Several years ago, before we moved from a small rural town onto our dream homestead, one morning a brown bear was spotted walking on the sidewalks and alleys through town – the night before I lost one of our ducks. We free ranged the ducks in town but put them up into a pen at night. The pen was tall enough the ducks could not get out, but definitely short enough for a bear to reach in and find himself a meal.

Laws pertaining to bears as nuisance predators are also quite specific and vary by state. Making sure feed tubs are secured when not being used, the barnyard is kept free of stray feed and trash, will help prevent a bear attack, at least somewhat.

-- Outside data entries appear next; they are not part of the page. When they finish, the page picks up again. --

(* Let $M$ be a smooth manifold of dimension $4$, let $O_M\subset\wedge^2T^\ast M$ be the open subbundle of $2$-covectors of rank $4$, and let $I\colon J^2O_M\to\mathbb{R}$ be the function defined by $$I(j^2_x\Omega)\,\Omega_x\wedge\Omega_x=(d\omega_\Omega)_x\wedge(d\omega_\Omega)_x .$$ Let $\Omega$ be a $2$-form on $M$ with values in $O_M$ and let $x\in M$ be a point at which $\omega_\Omega$ is of class $4$. Let $A_\Omega\colon TM\to TM$ be the endomorphism determined by $d\omega_\Omega(X,Y)=\Omega(A_\Omega X,Y)=\Omega(X,A_\Omega Y)$ for all $X,Y\in T_xM$. Then $$\det\bigl(\lambda\,\mathrm{id}-(A_\Omega)_x\bigr)=\bigl(\lambda^2+I(j^2_x\Omega)\bigr)^2 .$$
   Context: For a $2$-form $\Omega$ of rank $4$ on a $4$-manifold, $\omega_\Omega$ denotes the unique $1$-form with $\omega_\Omega\wedge\Omega=d\Omega$. The class of a differential form $\omega$ at a point $x$ is the codimension in $T_xM$ of the subspace of vectors $X\in T_xM$ with $i_X\omega=0$ and $i_X(d\omega)=0$. $J^2O_M$ denotes the bundle of $2$-jets of sections of $O_M$. *)

theory Defs
  imports "HOL-Analysis.Analysis" "HOL-Library.Numeral_Type"
begin

text \<open>Local coordinate model: the 4-manifold is an open set U of real^4 (a chart);
  a k-form is given by its (antisymmetric) coefficient array in the coordinate coframe.\<close>

definition partial :: "4 \<Rightarrow> (real^4 \<Rightarrow> real) \<Rightarrow> real^4 \<Rightarrow> real" where
  "partial i f y = frechet_derivative f (at y) (axis i 1)"

fun Ck_on :: "nat \<Rightarrow> (real^4) set \<Rightarrow> (real^4 \<Rightarrow> real) \<Rightarrow> bool" where
  "Ck_on 0 U f = continuous_on U f"
| "Ck_on (Suc k) U f = (continuous_on U f \<and> (\<forall>y\<in>U. f differentiable (at y))
      \<and> (\<forall>i. Ck_on k U (partial i f)))"

definition smooth_on :: "(real^4) set \<Rightarrow> (real^4 \<Rightarrow> real) \<Rightarrow> bool" where
  "smooth_on U f = (\<forall>k. Ck_on k U f)"

definition d2 :: "(real^4 \<Rightarrow> real^4^4) \<Rightarrow> real^4 \<Rightarrow> 4 \<Rightarrow> 4 \<Rightarrow> 4 \<Rightarrow> real" where
  "d2 \<Omega> y i j k = partial i (\<lambda>z. \<Omega> z $ j $ k) y + partial j (\<lambda>z. \<Omega> z $ k $ i) y
                  + partial k (\<lambda>z. \<Omega> z $ i $ j) y"

definition d1 :: "(real^4 \<Rightarrow> real^4) \<Rightarrow> real^4 \<Rightarrow> real^4^4" where
  "d1 w y = (\<chi> i j. partial i (\<lambda>z. w z $ j) y - partial j (\<lambda>z. w z $ i) y)"

definition wedge12 :: "real^4 \<Rightarrow> real^4^4 \<Rightarrow> 4 \<Rightarrow> 4 \<Rightarrow> 4 \<Rightarrow> real" where
  "wedge12 w W i j k = w$i * W$j$k + w$j * W$k$i + w$k * W$i$j"

text \<open>Coefficient of e^0 \<and> e^1 \<and> e^2 \<and> e^3 in the wedge of two 2-forms.\<close>
definition wedge22 :: "real^4^4 \<Rightarrow> real^4^4 \<Rightarrow> real" where
  "wedge22 a b =
     a$0$1 * b$2$3 - a$0$2 * b$1$3 + a$0$3 * b$1$2
   + a$1$2 * b$0$3 - a$1$3 * b$0$2 + a$2$3 * b$0$1"

definition omegaO :: "(real^4 \<Rightarrow> real^4^4) \<Rightarrow> real^4 \<Rightarrow> real^4" where
  "omegaO \<Omega> y = (THE w. \<forall>i j k. wedge12 w (\<Omega> y) i j k = d2 \<Omega> y i j k)"

definition Iinv :: "(real^4 \<Rightarrow> real^4^4) \<Rightarrow> real^4 \<Rightarrow> real" where
  "Iinv \<Omega> x = (THE c. c * wedge22 (\<Omega> x) (\<Omega> x)
                     = wedge22 (d1 (omegaO \<Omega>) x) (d1 (omegaO \<Omega>) x))"

definition bil :: "real^4^4 \<Rightarrow> real^4 \<Rightarrow> real^4 \<Rightarrow> real" where
  "bil M X Y = (\<Sum>i\<in>UNIV. \<Sum>j\<in>UNIV. X$i * M$i$j * Y$j)"

definition form_class :: "real^4 \<Rightarrow> real^4^4 \<Rightarrow> nat" where
  "form_class w F = CARD(4) - dim {X::real^4. (\<Sum>i\<in>UNIV. X$i * w$i) = 0
                                      \<and> (\<forall>Y. bil F X Y = 0)}"

definition A_Omega :: "(real^4 \<Rightarrow> real^4^4) \<Rightarrow> real^4 \<Rightarrow> real^4^4" where
  "A_Omega \<Omega> x = (THE A. \<forall>X Y. bil (d1 (omegaO \<Omega>) x) X Y = bil (\<Omega> x) (A *v X) Y
                           \<and> bil (d1 (omegaO \<Omega>) x) X Y = bil (\<Omega> x) X (A *v Y))"

end

theory Submission
  imports Defs
begin

(* Because Omega is nondegenerate, the equation d Omega = omega \<and> Omega can be solved for omega
   by Cramer's rule, so omega is as smooth as d Omega. Applying d and using d d = 0 (symmetry of
   second partial derivatives) gives 0 = d omega \<and> Omega - omega \<and> omega \<and> Omega, i.e.
   F \<and> Omega = 0 for F = d omega. In coordinates the defining relation of A reads Omega A = F, so
   det Omega * det (t - A) = det (t Omega - F). For skew 4x4 matrices det = Pf^2, and
   Pf (t Omega - F) = t^2 Pf Omega - t (Omega \<and> F) + Pf F = t^2 Pf Omega + Pf F, while
   I = Pf F / Pf Omega since M \<and> M = 2 Pf M. *)

lemma partial_eq:
  assumes "(f has_derivative D) (at y)"
  shows "partial i f y = D (axis i 1)"
  using frechet_derivative_at[OF assms] unfolding partial_def by simp

lemma partial_cong:
  assumes "open U" "x \<in> U" "\<And>y. y \<in> U \<Longrightarrow> f y = g y"
  shows "partial i f x = partial i g x"
proof -
  have "(f has_derivative D) (at x) \<longleftrightarrow> (g has_derivative D) (at x)" for D
    using has_derivative_transform_within_open[OF _ assms(1,2), of f _ UNIV g]
      has_derivative_transform_within_open[OF _ assms(1,2), of g _ UNIV f] assms(3)
    by auto
  then show ?thesis unfolding partial_def frechet_derivative_def by simp
qed

lemma partial_add:
  assumes "u differentiable (at x)" "v differentiable (at x)"
  shows "partial i (\<lambda>y. u y + v y) x = partial i u x + partial i v x"
  using partial_eq[OF has_derivative_add[OF assms[unfolded frechet_derivative_works]]]
  by (simp add: partial_def)

lemma partial_mult:
  fixes u v :: "real^4 \<Rightarrow> real"
  assumes "u differentiable (at x)" "v differentiable (at x)"
  shows "partial i (\<lambda>y. u y * v y) x = partial i u x * v x + u x * partial i v x"
  using partial_eq[OF has_derivative_mult[OF assms[unfolded frechet_derivative_works]]]
  by (simp add: partial_def)

lemma partial_minus:
  assumes "u differentiable (at x)"
  shows "partial i (\<lambda>y. - u y) x = - partial i u x"
  using partial_eq[OF has_derivative_minus[OF assms[unfolded frechet_derivative_works]]]
  by (simp add: partial_def)

lemma Ck_on_2_D:
  assumes "Ck_on 2 U f" "y \<in> U"
  shows "f differentiable (at y)" "partial i f differentiable (at y)"
    "continuous_on U (partial j (partial i f))"
  using assms by (simp_all add: numeral_2_eq_2)

section \<open>Symmetry of second partial derivatives\<close>

lemma has_real_derivative_along_line:
  fixes g :: "real^4 \<Rightarrow> real"
  assumes "g differentiable (at (p + s *\<^sub>R w))"
  shows "((\<lambda>s. g (p + s *\<^sub>R w)) has_real_derivative
           frechet_derivative g (at (p + s *\<^sub>R w)) w) (at s)"
proof -
  let ?D = "frechet_derivative g (at (p + s *\<^sub>R w))"
  have g: "(g has_derivative ?D) (at (p + s *\<^sub>R w))"
    using assms frechet_derivative_works by blast
  have "((\<lambda>s. p + s *\<^sub>R w) has_derivative (\<lambda>h. h *\<^sub>R w)) (at s)"
    by (auto intro!: derivative_eq_intros)
  from has_derivative_compose[OF this g]
  have "((\<lambda>s. g (p + s *\<^sub>R w)) has_derivative (\<lambda>h. ?D (h *\<^sub>R w))) (at s)"
    by (simp add: o_def)
  moreover have "(\<lambda>h. ?D (h *\<^sub>R w)) = (*) (?D w)"
    using linear_scale[OF has_derivative_linear[OF g]] by (auto simp: fun_eq_iff mult.commute)
  ultimately show ?thesis by (simp add: has_field_derivative_def)
qed

lemma add_axis_mem_ball:
  fixes x :: "real^4"
  assumes "\<bar>s\<bar> + \<bar>t\<bar> < r"
  shows "x + s *\<^sub>R axis i 1 + t *\<^sub>R axis j 1 \<in> ball x r"
proof -
  have "norm (s *\<^sub>R axis i (1::real) + t *\<^sub>R axis j 1) \<le> \<bar>s\<bar> + \<bar>t\<bar>"
    using norm_triangle_ineq[of "s *\<^sub>R axis i (1::real)" "t *\<^sub>R axis j 1"] by simp
  then show ?thesis
    using assms norm_minus_cancel[of "s *\<^sub>R axis i (1::real) + t *\<^sub>R axis j 1"]
    by (simp add: dist_norm)
qed

definition second_difference :: "4 \<Rightarrow> 4 \<Rightarrow> (real^4 \<Rightarrow> real) \<Rightarrow> real^4 \<Rightarrow> real \<Rightarrow> real" where
  "second_difference i j f x h =
     f (x + h *\<^sub>R axis i 1 + h *\<^sub>R axis j 1) - f (x + h *\<^sub>R axis i 1) - f (x + h *\<^sub>R axis j 1) + f x"

lemma second_difference_commute: "second_difference i j f x h = second_difference j i f x h"
  unfolding second_difference_def by (simp add: algebra_simps)

lemma second_difference_mean_value:
  fixes f :: "real^4 \<Rightarrow> real"
  assumes U: "ball x r \<subseteq> U"
    and df: "\<forall>y\<in>U. f differentiable (at y)"
    and ddf: "\<forall>y\<in>U. partial i f differentiable (at y)"
    and h: "0 < h" "2 * h < r"
  obtains s t where "0 < s" "s < h" "0 < t" "t < h"
    "second_difference i j f x h = h * h * partial j (partial i f) (x + s *\<^sub>R axis i 1 + t *\<^sub>R axis j 1)"
proof -
  define u where "u = (axis i 1 :: real^4)"
  define v where "v = (axis j 1 :: real^4)"
  have inU: "x + s *\<^sub>R u + t *\<^sub>R v \<in> U" if "0 \<le> s" "s \<le> h" "0 \<le> t" "t \<le> h" for s t
    using U add_axis_mem_ball[of s t r x i j] that h unfolding u_def v_def by auto
  define \<phi> where "\<phi> s = f ((x + h *\<^sub>R v) + s *\<^sub>R u) - f (x + s *\<^sub>R u)" for s
  have "\<exists>s. 0 < s \<and> s < h \<and> \<phi> h - \<phi> 0 = (h - 0) *
      (partial i f ((x + h *\<^sub>R v) + s *\<^sub>R u) - partial i f (x + s *\<^sub>R u))"
  proof (rule MVT2[OF h(1)])
    fix s assume s: "0 \<le> s" "s \<le> h"
    have "(x + h *\<^sub>R v) + s *\<^sub>R u \<in> U" "x + s *\<^sub>R u \<in> U"
      using inU[OF s, of h] inU[OF s, of 0] h by (simp_all add: algebra_simps)
    then show "(\<phi> has_real_derivative
        (partial i f ((x + h *\<^sub>R v) + s *\<^sub>R u) - partial i f (x + s *\<^sub>R u))) (at s)"
      unfolding \<phi>_def partial_def u_def
      by (intro DERIV_diff has_real_derivative_along_line) (use df in auto)
  qed
  then obtain s where s: "0 < s" "s < h" and
    \<phi>_diff: "\<phi> h - \<phi> 0 = h * (partial i f ((x + s *\<^sub>R u) + h *\<^sub>R v)
                                 - partial i f ((x + s *\<^sub>R u) + 0 *\<^sub>R v))"
    by (auto simp: algebra_simps)
  define \<psi> where "\<psi> t = partial i f ((x + s *\<^sub>R u) + t *\<^sub>R v)" for t
  have "\<exists>t. 0 < t \<and> t < h \<and> \<psi> h - \<psi> 0 = (h - 0) *
      partial j (partial i f) ((x + s *\<^sub>R u) + t *\<^sub>R v)"
  proof (rule MVT2[OF h(1)])
    fix t assume "0 \<le> t" "t \<le> h"
    then have "(x + s *\<^sub>R u) + t *\<^sub>R v \<in> U" using inU[of s t] s by simp
    then show "(\<psi> has_real_derivative partial j (partial i f) ((x + s *\<^sub>R u) + t *\<^sub>R v)) (at t)"
      unfolding \<psi>_def partial_def[of j] v_def
      by (intro has_real_derivative_along_line) (use ddf v_def in auto)
  qed
  then obtain t where t: "0 < t" "t < h" and
    \<psi>_diff: "\<psi> h - \<psi> 0 = h * partial j (partial i f) ((x + s *\<^sub>R u) + t *\<^sub>R v)" by auto
  have "second_difference i j f x h = \<phi> h - \<phi> 0"
    unfolding \<phi>_def second_difference_def u_def v_def by (simp add: algebra_simps)
  also have "\<dots> = h * h * partial j (partial i f) (x + s *\<^sub>R u + t *\<^sub>R v)"
    using \<phi>_diff \<psi>_diff unfolding \<psi>_def by simp
  finally show ?thesis using that s t unfolding u_def v_def by blast
qed

lemma second_difference_tendsto:
  fixes f :: "real^4 \<Rightarrow> real"
  assumes "open U" "x \<in> U" "Ck_on 2 U f"
  shows "((\<lambda>h. second_difference i j f x h / h\<^sup>2) \<longlongrightarrow> partial j (partial i f) x) (at_right 0)"
proof (rule tendstoI)
  fix e :: real assume "e > 0"
  obtain r where r: "r > 0" "ball x r \<subseteq> U" using assms(1,2) open_contains_ball by blast
  obtain d where d: "d > 0"
    "\<forall>y\<in>U. dist y x < d \<longrightarrow> dist (partial j (partial i f) y) (partial j (partial i f) x) < e"
    using Ck_on_2_D(3)[OF assms(3,2)] assms(2) \<open>e > 0\<close> unfolding continuous_on_iff by blast
  have "dist (second_difference i j f x h / h\<^sup>2) (partial j (partial i f) x) < e"
    if h: "0 < h" "2 * h < min r d" for h
  proof -
    obtain s t where st: "0 < s" "s < h" "0 < t" "t < h" and
      eq: "second_difference i j f x h = h * h * partial j (partial i f) (x + s *\<^sub>R axis i 1 + t *\<^sub>R axis j 1)"
      using second_difference_mean_value[OF r(2), of f i h j] Ck_on_2_D[OF assms(3)] h by auto
    have "x + s *\<^sub>R axis i 1 + t *\<^sub>R axis j 1 \<in> ball x (min r d)"
      using add_axis_mem_ball[of s t "min r d"] st h by simp
    with r(2) d(2) have "dist (partial j (partial i f) (x + s *\<^sub>R axis i 1 + t *\<^sub>R axis j 1))
        (partial j (partial i f) x) < e"
      by (auto simp: dist_commute subset_iff)
    then show ?thesis using eq h(1) by (simp add: power2_eq_square)
  qed
  then show "\<forall>\<^sub>F h in at_right 0.
      dist (second_difference i j f x h / h\<^sup>2) (partial j (partial i f) x) < e"
    unfolding eventually_at_right_field using r(1) d(1) by (intro exI[of _ "min r d / 2"]) auto
qed

lemma partial_commute:
  assumes "open U" "x \<in> U" "Ck_on 2 U f"
  shows "partial i (partial j f) x = partial j (partial i f) x"
proof (rule tendsto_unique)
  show "((\<lambda>h. second_difference i j f x h / h\<^sup>2) \<longlongrightarrow> partial i (partial j f) x) (at_right 0)"
    using second_difference_tendsto[OF assms, of j i] by (simp add: second_difference_commute)
qed (use second_difference_tendsto[OF assms] in auto)

section \<open>Skew-symmetric 4x4 matrices and Pfaffians\<close>

lemma exhaust4: "(k::4) = 0 \<or> k = 1 \<or> k = 2 \<or> k = 3"
  using exhaust_4[of k] by auto

lemma UNIV_4: "(UNIV::4 set) = {0, 1, 2, 3}"
  using exhaust4 by auto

To deter large predators like bears, keep motion detector lights, solar lights, and a trail camera on and around the barn. If the trail camera detects a large predator like a bear, wolf, elk, or moose that you cannot legally shoot or trap, or are not capable of doing so, call the county or state wildlife agency and request their assistance – there is no charge for such a service.

Wrap-Up

Learn how to identify the droppings of predators in your region to determine exactly what type of predators is lurking near the flock enhance the coop and run adequately to protect against them and best determine how to deter their dinner plans.

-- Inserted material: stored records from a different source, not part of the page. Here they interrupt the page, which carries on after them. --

definition renaming :: "('v \<Rightarrow> 'v) \<Rightarrow> ('f, 'v) subst" where
  "renaming \<pi> = (\<lambda>x. Var (\<pi> x))"

(* For an involution, conj_subst \<pi> \<theta> is the conjugate of \<theta> by renaming \<pi>: it does to renamed
   terms what \<theta> does to the original ones. *)
definition conj_subst :: "('v \<Rightarrow> 'v) \<Rightarrow> ('f, 'v) subst \<Rightarrow> ('f, 'v) subst" where
  "conj_subst \<pi> \<theta> = (\<lambda>x. subst_trm (renaming \<pi>) (\<theta> (\<pi> x)))"

lemma renaming_id [simp]: "renaming (\<lambda>x. x) = Var"
  by (simp add: renaming_def)

lemma subst_comp_renaming_involution:
  "involution \<pi> \<Longrightarrow> subst_comp (renaming \<pi>) (renaming \<pi>) = Var"
  by (auto simp: subst_comp_def renaming_def)

lemma subst_trm_renaming_involution [simp]:
  "involution \<pi> \<Longrightarrow> subst_trm (renaming \<pi>) (subst_trm (renaming \<pi>) t) = t"
  by (simp add: subst_trm_comp subst_comp_renaming_involution)

lemma vars_renaming_trm: "vars_trm (subst_trm (renaming \<pi>) t) = \<pi> ` vars_trm t"
  by (auto simp: vars_subst_trm renaming_def)

lemma vars_renaming_atom: "vars_atom (subst_atom (renaming \<pi>) A) = \<pi> ` vars_atom A"
  by (auto simp: vars_subst_atom renaming_def)

lemma vars_renaming_goal: "vars_goal (subst_goal (renaming \<pi>) G) = \<pi> ` vars_goal G"
  by (auto simp: vars_subst_goal renaming_def)

lemma vars_renaming_clause: "vars_clause (subst_clause (renaming \<pi>) C) = \<pi> ` vars_clause C"
  by (auto simp: vars_clause_def vars_renaming_atom vars_renaming_goal)

lemma subst_comp_renaming_conj_subst:
  "involution \<pi> \<Longrightarrow> subst_comp (renaming \<pi>) (conj_subst \<pi> \<theta>) = subst_comp \<theta> (renaming \<pi>)"
  by (auto simp: subst_comp_def renaming_def conj_subst_def)

lemma subst_trm_conj_subst:
  "involution \<pi> \<Longrightarrow>
    subst_trm (conj_subst \<pi> \<theta>) (subst_trm (renaming \<pi>) t) = subst_trm (renaming \<pi>) (subst_trm \<theta> t)"
  by (simp add: subst_trm_comp subst_comp_renaming_conj_subst)

lemma subst_goal_conj_subst:
  "involution \<pi> \<Longrightarrow>
    subst_goal (conj_subst \<pi> \<theta>) (subst_goal (renaming \<pi>) G) = subst_goal (renaming \<pi>) (subst_goal \<theta> G)"
  by (simp add: subst_goal_comp subst_comp_renaming_conj_subst)

lemma mem_image_involution: "involution \<pi> \<Longrightarrow> x \<in> \<pi> ` A \<longleftrightarrow> \<pi> x \<in> A"
  by (metis image_iff)

lemma subst_vars_conj_subst:
  assumes \<pi>: "involution \<pi>"
  shows "subst_vars (conj_subst \<pi> \<theta>) = \<pi> ` subst_vars \<theta>"
proof -
  have "conj_subst \<pi> \<theta> x = Var x \<longleftrightarrow> \<theta> (\<pi> x) = Var (\<pi> x)" for x
    using subst_trm_renaming_involution[OF \<pi>, of "\<theta> (\<pi> x)"] \<pi>
    by (auto simp: conj_subst_def renaming_def)
  then have dom: "subst_dom (conj_subst \<pi> \<theta>) = \<pi> ` subst_dom \<theta>"
    using \<pi> by (auto simp: subst_dom_def mem_image_involution)
  have "(\<Union>x\<in>\<pi> ` subst_dom \<theta>. vars_trm (conj_subst \<pi> \<theta> x))
      = (\<Union>y\<in>subst_dom \<theta>. \<pi> ` vars_trm (\<theta> y))"
    using \<pi> by (simp add: conj_subst_def vars_renaming_trm)
  then show ?thesis
    by (simp add: subst_vars_def dom image_Un image_UN)
qed

lemma unifier_renaming:
  "unifier \<tau> (map (\<lambda>(s, t). (subst_trm (renaming \<pi>) s, subst_trm (renaming \<pi>) t)) E)
     \<longleftrightarrow> unifier (subst_comp (renaming \<pi>) \<tau>) E"
  by (auto simp: unifier_def subst_trm_comp)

Learning how to detect what predators are breaching the barnyard perimeter is substantially important to the survival of your livestock.

homestead predators pinterest

5 thoughts on “The Most Deadly Predators On The Homestead”

  1. All good points, but I should point out that it’s not just rural areas. I live in a populated suburb of Richmond, VA and it’s well known that a pair of bears live in the area and sometimes go dumpster diving at local strip malls. Animal control has been after them for a while, but to no avail. I’d hate to be taking out the trash and run into one.

    Also, my suburban neighborhood has had reports of coyotes, one of which was described as “sickly looking” which is a red flag for me. Also we have an aggressive neighborhood dog that gets out on his own frequently and will approach other humans, as well as other dogs, very aggressively. The owners have gotten complaints from neighbors, but they ignore them. If I have an encounter with him, I will call Animal Control and not stop bugging them until the dog is impounded.

    When I walk my dogs, I have a .38, pepper spray and a pretty substantial knife and I will use any and all if I have to. Unfortunately, the “three S’s” will probably not work in my area. Someone will always be around to hear/see whatever happens. But I know the law and I follow it. I will be happy to explain my actions to the legal system.

    Reply
  2. Skunks! I think people expect them to not be interested in livestock, I know I did. I lost 35 young chickens, worth about $100, to a skunk this spring. Hard lesson to learn.

    Reply
    • Becky,

      Wow, that is a horrible loss! I used to not view skunks as a predator, as least not more than as an egg thief, but not anymore. We keep traps set for small predators like skunk all the time now in hopes we can stop a threat before we even know it is lurking about.

      Reply
  3. you missed feral cats and dogs. Have had problems for years with dumped and feral cats and dogs. When all else fails go with the 3S’s shoot ,shovel and shut up. Jest remember that some DNR’s are releasing with tags some animals you do not want around.

    Reply
    • Ben,

      I can’t imagine with having to deal with feral cats and dogs too! How awful. I LOVE the 3 S’s…always sound advice!